İlk tepki olarak, Çin’in para birimi yuan değer kazandı, Çin borsaları da yükseldi. Fakat Çin’in tam açılması 2023 potansiyeli olarak bu ilk tepkilerden çok daha fazlasını barındırmakta. Ekonomik büyüme oranı “Sıfır Covid” politikasıyla kabaca son 50 yılın dibine inen dünyanın en büyük ikinci ekonomisinde büyümenin hızlanması bekleniyor. Çin ekonomisindeki hayata dönüşle beraber de küresel enflasyonist dinamiklerin hızla normalleşeceği ve küresel resesyon ortamının da çok hafif atlatılabileceği umudu hâkim.

ABD ve Avrupa, Çin’in ikinci ve üçüncü en büyük ihracat pazarları. Her iki büyük ekonomide de ekonomik durgunluğun zirveye ulaşacağı zaman 2023’ün ilk yarısı civarında olacak.

Kısıtlamalar hafifletildiğinde, zayıf bir iç ekonomi ve yüksek dış enflasyonun bir karışımı 2022’nin dördüncü çeyreğinde imalat sanayiyi vurdu. Buna ek olarak, gayrimenkul geliştiricileri konut projelerini tamamlamak için yeterli nakit almak için mücadele ettiler. Bu, gayrimenkul geliştiricilerinin dördüncü çeyrekte bankalar, hisse senedi ve borç piyasaları aracılığıyla finansman almaları için bir dizi gevşetme önlemi tetikledi. Kırılgan ekonomi, enflasyon baskısının olmadığı ve neyse ki deflasyonun olmadığı anlamına geliyor.
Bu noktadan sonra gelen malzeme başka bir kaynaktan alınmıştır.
lemma wave_le: "0 \<le> snd x \<Longrightarrow> 0 < q \<Longrightarrow>
   wave q j x \<le> q^j * (4 * freq j * real_of_int (snd x) + (freq j * real_of_int (fst x))^2 / 2)"
proof -
  assume h: "0 \<le> snd x" "0 < q"
  define e where "e = exp (- decay j * real_of_int (snd x))"
  define c where "c = cos (freq j * real_of_int (fst x))"
  have e1: "e \<le> 1" "0 \<le> e"
    using h decay_nonneg[of j] by (auto simp: e_def mult_nonneg_nonneg)
  have "1 - e \<le> decay j * real_of_int (snd x)"
    using exp_ge_add_one_self[of "- decay j * real_of_int (snd x)"] by (simp add: e_def)
  also have "\<dots> \<le> 4 * freq j * real_of_int (snd x)"
    using decay_le[of j] h by (intro mult_right_mono) auto
  finally have a: "1 - e \<le> 4 * freq j * real_of_int (snd x)" .
  have "e * (1 - c) \<le> 1 - c"
    using e1 cos_le_one[of "freq j * real_of_int (fst x)"] by (simp add: c_def mult_left_le_one_le)
  also have "\<dots> \<le> (freq j * real_of_int (fst x))^2 / 2"
    unfolding c_def by (rule one_minus_cos_le)
  finally have b: "e * (1 - c) \<le> (freq j * real_of_int (fst x))^2 / 2" .
  have "1 - e * c = (1 - e) + e * (1 - c)" by (simp add: algebra_simps)
  then have "1 - e * c \<le> 4 * freq j * real_of_int (snd x) + (freq j * real_of_int (fst x))^2 / 2"
    using a b by linarith
  then show ?thesis
    unfolding wave_def e_def[symmetric] c_def[symmetric] using h by (intro mult_left_mono) auto
qed

lemma wave_le_geometric:
  assumes "0 \<le> snd x" "0 < q"
  shows "wave q j x \<le> (q/2)^j * (4 * pi * real_of_int (snd x) + pi^2 * (real_of_int (fst x))^2)"
proof -
  define t where "t = real_of_int (fst x)"
  define s where "s = real_of_int (snd x)"
  have s0: "0 \<le> s" using assms by (simp add: s_def)
  have p: "(1::real) \<le> 2^j" by simp
  have "(freq j * t)^2 / 2 = (pi^2 * t^2 / 2^j) * (1 / (2 * 2^j))"
    by (simp add: freq_def power_mult_distrib power_divide power2_eq_square mult_ac)
  also have "\<dots> \<le> (pi^2 * t^2 / 2^j) * 1"
    using p by (intro mult_left_mono) (auto simp: order_trans[OF p])
  finally have a: "(freq j * t)^2 / 2 \<le> pi^2 * t^2 / 2^j" by simp
  have b: "4 * freq j * s = 4 * pi * s / 2^j" by (simp add: freq_def)
  have "wave q j x \<le> q^j * (4 * freq j * s + (freq j * t)^2 / 2)"
    unfolding s_def t_def by (rule wave_le[OF assms])
  also have "\<dots> \<le> q^j * ((4 * pi * s + pi^2 * t^2) / 2^j)"
    using a b assms(2) by (intro mult_left_mono) (auto simp: add_divide_distrib)
  also have "\<dots> = (q/2)^j * (4 * pi * s + pi^2 * t^2)"
    by (simp add: power_divide)
  finally show ?thesis by (simp add: s_def t_def)
qed

lemma summable_wave:
  assumes "0 \<le> snd x" "0 < q" "q < 2"
  shows "summable (\<lambda>j. wave q j x)"
proof (rule summable_comparison_test)
  show "summable (\<lambda>j. (q/2)^j * (4 * pi * real_of_int (snd x) + pi^2 * (real_of_int (fst x))^2))"
    using assms by (intro summable_mult2 summable_geometric) auto
  show "\<exists>N. \<forall>n\<ge>N. norm (wave q n x) \<le>
      (q/2)^n * (4 * pi * real_of_int (snd x) + pi^2 * (real_of_int (fst x))^2)"
    using wave_le_geometric[OF assms(1,2)] wave_nonneg[OF assms(1,2)] by auto
qed

lemma barrier_series_nonneg:
  assumes "0 \<le> snd x" "0 < q" "q < 2"
  shows "0 \<le> barrier_series q x"
  unfolding barrier_series_def using summable_wave[OF assms] wave_nonneg[OF assms(1,2)]
  by (intro suminf_nonneg) auto

lemma nbr_sum_barrier_series:
  assumes "1 \<le> snd x" "0 < q" "q < 2"
  shows "nbr_sum (barrier_series q) x = 4 * barrier_series q x"
proof -
  have s: "summable (\<lambda>j. wave q j (x + d))" if "0 \<le> snd x + snd d" for d
    using assms that by (intro summable_wave) auto
  have "nbr_sum (barrier_series q) x = (\<Sum>j. wave q j (x + (1,0)) + wave q j (x + (-1,0))
      + wave q j (x + (0,1)) + wave q j (x + (0,-1)))"
    using s[of "(1,0)"] s[of "(-1,0)"] s[of "(0,1)"] s[of "(0,-1)"] assms(1)
    by (simp add: nbr_sum_def barrier_series_def suminf_add summable_add)
  also have "\<dots> = (\<Sum>j. 4 * wave q j x)"
    using nbr_sum_wave[of q _ x] by (simp add: nbr_sum_def)
  also have "\<dots> = 4 * barrier_series q x" unfolding barrier_series_def
    using assms by (intro suminf_mult summable_wave) auto
  finally show ?thesis .
qed

lemma wave_le_barrier_series:
  assumes "0 \<le> snd x" "0 < q" "q < 2"
  shows "wave q j x \<le> barrier_series q x"
proof -
  have "sum (\<lambda>j. wave q j x) {j} \<le> barrier_series q x"
    unfolding barrier_series_def using summable_wave[OF assms] wave_nonneg[OF assms(1,2)]
    by (intro sum_le_suminf) auto
  then show ?thesis by simp
qed

lemma exists_power_of_two_between:
  fixes X :: real
  assumes "1 \<le> X"
  shows "\<exists>j. X \<le> 2 ^ j \<and> 2 ^ j < 2 * X"
proof -
  obtain n where "X < 2 ^ n"
    using real_arch_pow[of 2 X] by auto
  define j where "j = (LEAST j. X \<le> 2 ^ j)"
  have "X \<le> 2 ^ j"
    unfolding j_def by (rule LeastI[of _ n]) (use \<open>X < 2 ^ n\<close> in simp)
  moreover have "2 ^ j < 2 * X"
  proof (cases j)
    case 0
    then show ?thesis using assms by simp
  next
    case (Suc i)
    then have "\<not> X \<le> 2 ^ i"
      using not_less_Least[of i "\<lambda>j. X \<le> 2 ^ j"] unfolding j_def by auto
    then show ?thesis using Suc by simp
  qed
  ultimately show ?thesis by blast
qed

lemma powr_le_barrier_series:
  assumes x2: "0 \<le> snd x" and x1: "1 \<le> \<bar>fst x\<bar>" and g: "0 < \<gamma>" and q: "q = 2 powr \<gamma>" "q < 2"
  shows "real_of_int \<bar>fst x\<bar> powr \<gamma> \<le> barrier_series q x"
proof -
  define X where "X = real_of_int \<bar>fst x\<bar>"
  have X1: "1 \<le> X" using x1 by (simp add: X_def)
  obtain j where j1: "X \<le> 2 ^ j" and j2: "2 ^ j < 2 * X"
    using exists_power_of_two_between[OF X1] by blast
  define \<theta> where "\<theta> = freq j * X"
  have th1: "\<theta> \<le> pi" using j1 by (simp add: \<theta>_def freq_def field_simps)
  have th2: "pi / 2 \<le> \<theta>" using j2 by (simp add: \<theta>_def freq_def field_simps)
  have "0 \<le> cos (pi - \<theta>)" using th1 th2 by (intro cos_ge_zero) auto
  then have cth: "cos \<theta> \<le> 0" by simp
  have "cos (freq j * real_of_int (fst x)) = cos \<theta>"
  proof -
    have "freq j * real_of_int (fst x) = \<theta> \<or> freq j * real_of_int (fst x) = - \<theta>"
      unfolding \<theta>_def X_def by (auto simp: abs_if)
    then show ?thesis by auto
  qed
  then have c0: "cos (freq j * real_of_int (fst x)) \<le> 0" using cth by simp
  have q0: "0 < q" using q by simp
  have "1 \<le> 1 - exp (- decay j * real_of_int (snd x)) * cos (freq j * real_of_int (fst x))"
    using c0 by (simp add: mult_nonneg_nonpos)
  then have "q^j \<le> wave q j x" unfolding wave_def using q0 by simp
  also have "\<dots> \<le> barrier_series q x" using wave_le_barrier_series[OF x2 q0 q(2)] .
  finally have a: "q^j \<le> barrier_series q x" .
  have "q^j = (2^j) powr \<gamma>"
    unfolding q by (simp add: powr_realpow[symmetric] powr_powr mult.commute)
  moreover have "X powr \<gamma> \<le> (2^j) powr \<gamma>" using j1 X1 g by (intro powr_mono2) auto
  ultimately show ?thesis using a by (simp add: X_def)
qed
ABD ve Avrupa, Çin’in ikinci ve üçüncü en büyük ihracat pazarları. Her iki büyük ekonomide de ekonomik durgunluğun zirveye ulaşacağı zaman 2023’ün ilk yarısı civarında olacak. Bu açıdan Çin’in en yoğun ihracat yaptığı yılın son çeyreklerinde ABD ve AB’den durgunluğun hafifleyeceği döneme gelmesi bekleniyor ancak durgunluktan sonra ihracat talebinin toparlanıp toparlanamayacağı henüz net değil. Bu da Çin ekonomisindeki daha hızlı büyüme beklentisinin gecikerek gerçekleşmesi riskini yaratıyor.

Esas soru, ekonomideki son dönem politika revizyonunun Çin’in son kırk yıldaki ekonomik yükselişini yaratan esnekliğin yeniden tesis anlamına gelip gelmediği.  Ekim ayında üçüncü bir dönemi güvence altına alan Başkan Xi Jinping’in sıkı kontrolü altındaki dev Çin ekonomisinde izlediğimiz değişim çok kötüleşen bir ekonomi ve buna bağlı olarak kilitlenme karşıtı protestoların artmasına da dar bir vizyonla verilmiş tepki olabilir.

Çin Devlet Başkanı Xi de benzerleri gibi gücü kendi elinde topladıkça, çoğulcu akıldan ve gerçek gelişmelerden uzaklaşmakta uzunca bir süredir. 2022 bu tek adam yönetimin zirveye ulaştığı ve beraberinde ekonomik sıkıntıların da son 40 yıldır görülmemiş şekilde arttığı bir yıl oldu. Karar almanın kurumlar yerine bir kişinin eline geçtiği Çin’de yarın öbür gün açılımların ve desteklerin tersi yönünde adım atılmayacağının garantisi yok.

Yine de mevcut gelişmeler ışığında Çin ekonomisinde büyüme hızı 2022 sonundaki %2,1 seviyesinden 2023 sonunda %4,3-4,5 aralığına çıkacak.

Xi’nin “tek adam rejiminde” karşılaştığı ekonomik sorunlara anlık ve değişken, zaman zaman tutarsız ve istikrarlı olmayan tepki politikaları küresel durgunluğun nedenleri arasında da olurken, küresel ekonomik büyümenin bu yıl beklenenden daha iyi bir seviyeye çıkıp çıkamayacağının da belirleyicisi olacak.